(* Consider a Bayesian model with parameter $\theta$, prior $P(\theta)$, and data $\mathcal{D}=(\mathcal{D}_i)_{i=1}^n$ whose elements are conditionally independent given $\theta$ with likelihoods $P(\mathcal{D}_i\mid\theta)$. For each $i$, let $\theta^i_1,\dots,\theta^i_k$ be i.i.d. samples from the posterior $P(\theta\mid\mathcal{D}_{<i})$, and define $$\hat{\mathcal{L}}(\mathcal{D})=\sum_{i=1}^n\frac1k\sum_{j=1}^k\log P(\mathcal{D}_i\mid\theta^i_j),\qquad \hat{\mathcal{L}}_k(\mathcal{D})=\sum_{i=1}^n\log\frac1k\sum_{j=1}^kP(\mathcal{D}_i\mid\theta^i_j).$$ Let $\mathcal{L}(\mathcal{D})=\sum_{i=1}^n\mathbb{E}_{\theta\sim P(\theta\mid\mathcal{D}_{<i})}[\log P(\mathcal{D}_i\mid\theta)]$ and $\mathcal{L}_k(\mathcal{D})=\mathbb{E}[\hat{\mathcal{L}}_k(\mathcal{D})]$. Then $$\mathbb{E}[\hat{\mathcal{L}}(\mathcal{D})]=\mathcal{L}(\mathcal{D})\le\log P(\mathcal{D})\quad\text{and}\quad\mathbb{E}[\hat{\mathcal{L}}_k(\mathcal{D})]=\mathcal{L}_k(\mathcal{D})\le\log P(\mathcal{D}).$$ Further, $$\mathcal{L}(\mathcal{D})=\log P(\mathcal{D})-\sum_{i=1}^n\mathrm{KL}\big(P(\theta\mid\mathcal{D}_{<i})\,\|\,P(\theta\mid\mathcal{D}_{<i+1})\big).$$
   Context: $\mathcal{D}_{<i}=(\mathcal{D}_j)_{j=1}^{i-1}$ with $\mathcal{D}_{<1}=\emptyset$. $P(\mathcal{D})=\int P(\mathcal{D}\mid\theta)P(\theta)d\theta$ is the marginal likelihood, so that $\log P(\mathcal{D})=\sum_i\log P(\mathcal{D}_i\mid\mathcal{D}_{<i})$ with $P(\mathcal{D}_i\mid\mathcal{D}_{<i})=\mathbb{E}_{\theta\sim P(\theta\mid\mathcal{D}_{<i})}P(\mathcal{D}_i\mid\theta)$. $\mathrm{KL}$ is the Kullback–Leibler divergence. *)

theory Defs
  imports "HOL-Probability.Probability"
begin

text \<open>Bayesian model: prior measure M on the parameter space, likelihood
  functions lik i (theta) = P(D_i | theta), data indexed 0-based i < n.
  D_{<i} = (D_j)_{j<i}.\<close>

definition marg :: "'a measure \<Rightarrow> (nat \<Rightarrow> 'a \<Rightarrow> real) \<Rightarrow> nat \<Rightarrow> real" where
  "marg M lik i = (\<integral>\<theta>. (\<Prod>j<i. lik j \<theta>) \<partial>M)"

definition post :: "'a measure \<Rightarrow> (nat \<Rightarrow> 'a \<Rightarrow> real) \<Rightarrow> nat \<Rightarrow> 'a measure" where
  "post M lik i = density M (\<lambda>\<theta>. ennreal ((\<Prod>j<i. lik j \<theta>) / marg M lik i))"

text \<open>Natural-log KL divergence KL(P || Q) = E_P[ln dP/dQ].\<close>
definition KL :: "'a measure \<Rightarrow> 'a measure \<Rightarrow> real" where
  "KL P Q = KL_divergence (exp 1) Q P"

definition samples :: "'a measure \<Rightarrow> (nat \<Rightarrow> 'a \<Rightarrow> real) \<Rightarrow> nat \<Rightarrow> nat \<Rightarrow> (nat \<times> nat \<Rightarrow> 'a) measure" where
  "samples M lik n k = PiM ({..<n} \<times> {..<k}) (\<lambda>(i,j). post M lik i)"

definition Lhat :: "(nat \<Rightarrow> 'a \<Rightarrow> real) \<Rightarrow> nat \<Rightarrow> nat \<Rightarrow> (nat \<times> nat \<Rightarrow> 'a) \<Rightarrow> real" where
  "Lhat lik n k \<omega> = (\<Sum>i<n. (1 / real k) * (\<Sum>j<k. ln (lik i (\<omega> (i,j)))))"

definition Lhat_k :: "(nat \<Rightarrow> 'a \<Rightarrow> real) \<Rightarrow> nat \<Rightarrow> nat \<Rightarrow> (nat \<times> nat \<Rightarrow> 'a) \<Rightarrow> real" where
  "Lhat_k lik n k \<omega> = (\<Sum>i<n. ln ((1 / real k) * (\<Sum>j<k. lik i (\<omega> (i,j)))))"

definition L :: "'a measure \<Rightarrow> (nat \<Rightarrow> 'a \<Rightarrow> real) \<Rightarrow> nat \<Rightarrow> real" where
  "L M lik n = (\<Sum>i<n. \<integral>\<theta>. ln (lik i \<theta>) \<partial>(post M lik i))"

definition L_k :: "'a measure \<Rightarrow> (nat \<Rightarrow> 'a \<Rightarrow> real) \<Rightarrow> nat \<Rightarrow> nat \<Rightarrow> real" where
  "L_k M lik n k = (\<integral>\<omega>. Lhat_k lik n k \<omega> \<partial>(samples M lik n k))"

end

theory Submission
  imports Defs
begin

text \<open>The predictive probability \<open>p\<^sub>i = P(D\<^sub>i | D_{<i}) = marg (i+1) / marg i\<close> is the
  posterior mean of \<open>lik i\<close>, and the \<open>p\<^sub>i\<close> multiply to \<open>P(D)\<close>. Jensen's inequality for the
  concave \<open>ln\<close> bounds the posterior mean of \<open>ln (lik i)\<close> by \<open>ln p\<^sub>i\<close>; the gap is exactly the
  KL divergence, because \<open>post i\<close> has density \<open>p\<^sub>i / lik i\<close> with respect to \<open>post (i+1)\<close>.
  Each sample is distributed as its posterior, so \<open>Lhat\<close> is unbiased by linearity, and the
  sample mean of the likelihoods has expectation \<open>p\<^sub>i\<close>, so Jensen applies again.\<close>

lemma (in prob_space) integral_ln_le_ln_integral:
  fixes f :: "'a \<Rightarrow> real"
  assumes "integrable M f" "AE x in M. 0 < f x" "integrable M (\<lambda>x. ln (f x))"
  shows "(\<integral>x. ln (f x) \<partial>M) \<le> ln (\<integral>x. f x \<partial>M)"
proof -
  have "- ln (\<integral>x. f x \<partial>M) \<le> (\<integral>x. - ln (f x) \<partial>M)"
    using assms ln_concave unfolding concave_on_def
    by (intro jensens_inequality[where I="{0<..}" and a=0]) auto
  then show ?thesis by simp
qed

lemma (in finite_measure) integrable_ln_of_lower_bound:
  fixes f g :: "'a \<Rightarrow> real"
  assumes f: "integrable M f" "AE x in M. 0 < f x"
    and g: "integrable M g" "AE x in M. g x \<le> ln (f x)"
  shows "integrable M (\<lambda>x. ln (f x))"
proof (rule Bochner_Integration.integrable_bound)
  show "integrable M (\<lambda>x. \<bar>f x - 1\<bar> + \<bar>g x\<bar>)"
    using f g by auto
  show "(\<lambda>x. ln (f x)) \<in> borel_measurable M"
    using borel_measurable_integrable[OF f(1)] by measurable
  show "AE x in M. norm (ln (f x)) \<le> norm (\<bar>f x - 1\<bar> + \<bar>g x\<bar>)"
    using f(2) g(2) by eventually_elim (use ln_le_minus_one in fastforce)
qed

lemma
  fixes f :: "'b \<Rightarrow> real"
  assumes N: "\<And>x. x \<in> I \<Longrightarrow> prob_space (N x)" and x: "x \<in> I"
    and f: "f \<in> borel_measurable (N x)"
  shows integrable_PiM_component_iff:
      "integrable (PiM I N) (\<lambda>\<omega>. f (\<omega> x)) \<longleftrightarrow> integrable (N x) f"
    and integral_PiM_component: "(\<integral>\<omega>. f (\<omega> x) \<partial>PiM I N) = integral\<^sup>L (N x) f"
proof -
  have "(\<lambda>\<omega>. \<omega> x) \<in> measurable (PiM I N) (N x)"
    using x by (rule measurable_component_singleton)
  note distr = integrable_distr_eq[OF this f] integral_distr[OF this f]
  then show "integrable (PiM I N) (\<lambda>\<omega>. f (\<omega> x)) \<longleftrightarrow> integrable (N x) f"
    and "(\<integral>\<omega>. f (\<omega> x) \<partial>PiM I N) = integral\<^sup>L (N x) f"
    using distr_PiM_component[of I N x] N x by simp_all
qed

definition predictive :: "'a measure \<Rightarrow> (nat \<Rightarrow> 'a \<Rightarrow> real) \<Rightarrow> nat \<Rightarrow> real" where
  "predictive M lik i = marg M lik (Suc i) / marg M lik i"

definition sample_mean :: "(nat \<Rightarrow> 'a \<Rightarrow> real) \<Rightarrow> nat \<Rightarrow> nat \<Rightarrow> (nat \<times> nat \<Rightarrow> 'a) \<Rightarrow> real" where
  "sample_mean lik k i \<omega> = (1 / real k) * (\<Sum>j<k. lik i (\<omega> (i,j)))"

lemma sets_post [simp]: "sets (post M lik i) = sets M"
  unfolding post_def by simp

lemma space_post [simp]: "space (post M lik i) = space M"
  unfolding post_def by simp

lemma borel_measurable_post_iff [simp]:
  "f \<in> borel_measurable (post M lik i) \<longleftrightarrow> f \<in> borel_measurable M"
  by (simp add: measurable_cong_sets[OF sets_post refl])

locale bayes_model = prob_space M for M :: "'a measure" +
  fixes lik :: "nat \<Rightarrow> 'a \<Rightarrow> real" and n :: nat
  assumes borel_measurable_lik [measurable]: "i < n \<Longrightarrow> lik i \<in> borel_measurable M"
    and lik_pos: "i < n \<Longrightarrow> \<theta> \<in> space M \<Longrightarrow> 0 < lik i \<theta>"
    and integrable_prod_lik: "i \<le> n \<Longrightarrow> integrable M (\<lambda>\<theta>. \<Prod>j<i. lik j \<theta>)"
begin

lemma prod_lik_pos: "i \<le> n \<Longrightarrow> \<theta> \<in> space M \<Longrightarrow> 0 < (\<Prod>j<i. lik j \<theta>)"
  by (intro prod_pos) (auto intro: lik_pos)

lemma borel_measurable_prod_lik: "i \<le> n \<Longrightarrow> (\<lambda>\<theta>. \<Prod>j<i. lik j \<theta>) \<in> borel_measurable M"
  by (intro borel_measurable_prod) auto

lemma marg_0: "marg M lik 0 = 1"
  by (simp add: marg_def prob_space)

lemma marg_pos: "i \<le> n \<Longrightarrow> 0 < marg M lik i"
  unfolding marg_def
  by (intro expectation_greater integrable_prod_lik AE_I2 prod_lik_pos)

lemma predictive_pos: "i < n \<Longrightarrow> 0 < predictive M lik i"
  by (simp add: predictive_def marg_pos)

lemma ln_marg_eq_sum_ln_predictive:
  "ln (marg M lik n) = (\<Sum>i<n. ln (predictive M lik i))"
proof -
  have "(\<Sum>i<n. ln (predictive M lik i)) = (\<Sum>i<n. ln (marg M lik (Suc i)) - ln (marg M lik i))"
  proof (intro sum.cong refl)
    fix i assume "i \<in> {..<n}"
    then have "0 < marg M lik i" "0 < marg M lik (Suc i)" by (simp_all add: marg_pos)
    then show "ln (predictive M lik i) = ln (marg M lik (Suc i)) - ln (marg M lik i)"
      by (simp add: predictive_def ln_div)
  qed
  also have "\<dots> = ln (marg M lik n)"
    using sum_lessThan_telescope[of "\<lambda>i. ln (marg M lik i)" n] by (simp add: marg_0)
  finally show ?thesis ..
qed

lemma
  assumes "i \<le> n" and [measurable]: "f \<in> borel_measurable M"
  shows integrable_post_iff:
      "integrable (post M lik i) f
        \<longleftrightarrow> integrable M (\<lambda>\<theta>. (\<Prod>j<i. lik j \<theta>) / marg M lik i * f \<theta>)"
    and integral_post:
      "integral\<^sup>L (post M lik i) f = (\<integral>\<theta>. (\<Prod>j<i. lik j \<theta>) / marg M lik i * f \<theta> \<partial>M)"
proof -
  have [measurable]: "(\<lambda>\<theta>. \<Prod>j<i. lik j \<theta>) \<in> borel_measurable M"
    using assms(1) by (rule borel_measurable_prod_lik)
  have "AE \<theta> in M. 0 \<le> (\<Prod>j<i. lik j \<theta>) / marg M lik i"
    using assms(1) prod_lik_pos marg_pos by (intro AE_I2 divide_nonneg_pos less_imp_le) auto
  note density = integrable_density[OF _ _ this] integral_density[OF _ _ this]
  show "integrable (post M lik i) f
        \<longleftrightarrow> integrable M (\<lambda>\<theta>. (\<Prod>j<i. lik j \<theta>) / marg M lik i * f \<theta>)"
    and "integral\<^sup>L (post M lik i) f = (\<integral>\<theta>. (\<Prod>j<i. lik j \<theta>) / marg M lik i * f \<theta> \<partial>M)"
    unfolding post_def by (simp_all add: density)
qed

lemma prob_space_post:
  assumes "i \<le> n" shows "prob_space (post M lik i)"
proof (rule prob_spaceI)
  let ?g = "\<lambda>\<theta>. (\<Prod>j<i. lik j \<theta>) / marg M lik i"
  have "emeasure (post M lik i) (space (post M lik i)) = (\<integral>\<^sup>+\<theta>. ennreal (?g \<theta>) \<partial>M)"
    using borel_measurable_prod_lik[OF assms] by (simp add: post_def emeasure_density)
  also have "\<dots> = ennreal (\<integral>\<theta>. ?g \<theta> \<partial>M)"
    using assms integrable_prod_lik prod_lik_pos marg_pos
    by (intro nn_integral_eq_integral AE_I2 divide_nonneg_pos less_imp_le) auto
  also have "(\<integral>\<theta>. ?g \<theta> \<partial>M) = 1"
    using marg_pos[OF assms] by (simp add: marg_def)
  finally show "emeasure (post M lik i) (space (post M lik i)) = 1"
    by simp
qed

» **WHAT TO DO**
For the string "shows", filter the data and copy out each line where it occurs.

» **SOLUTION FOR THIS PROBLEM**
  shows "(\<integral>x. ln (f x) \<partial>M) \<le> ln (\<integral>x. f x \<partial>M)"
  shows "integrable M (\<lambda>x. ln (f x))"
  shows integrable_PiM_component_iff:
  shows integrable_post_iff:
  assumes "i \<le> n" shows "prob_space (post M lik i)"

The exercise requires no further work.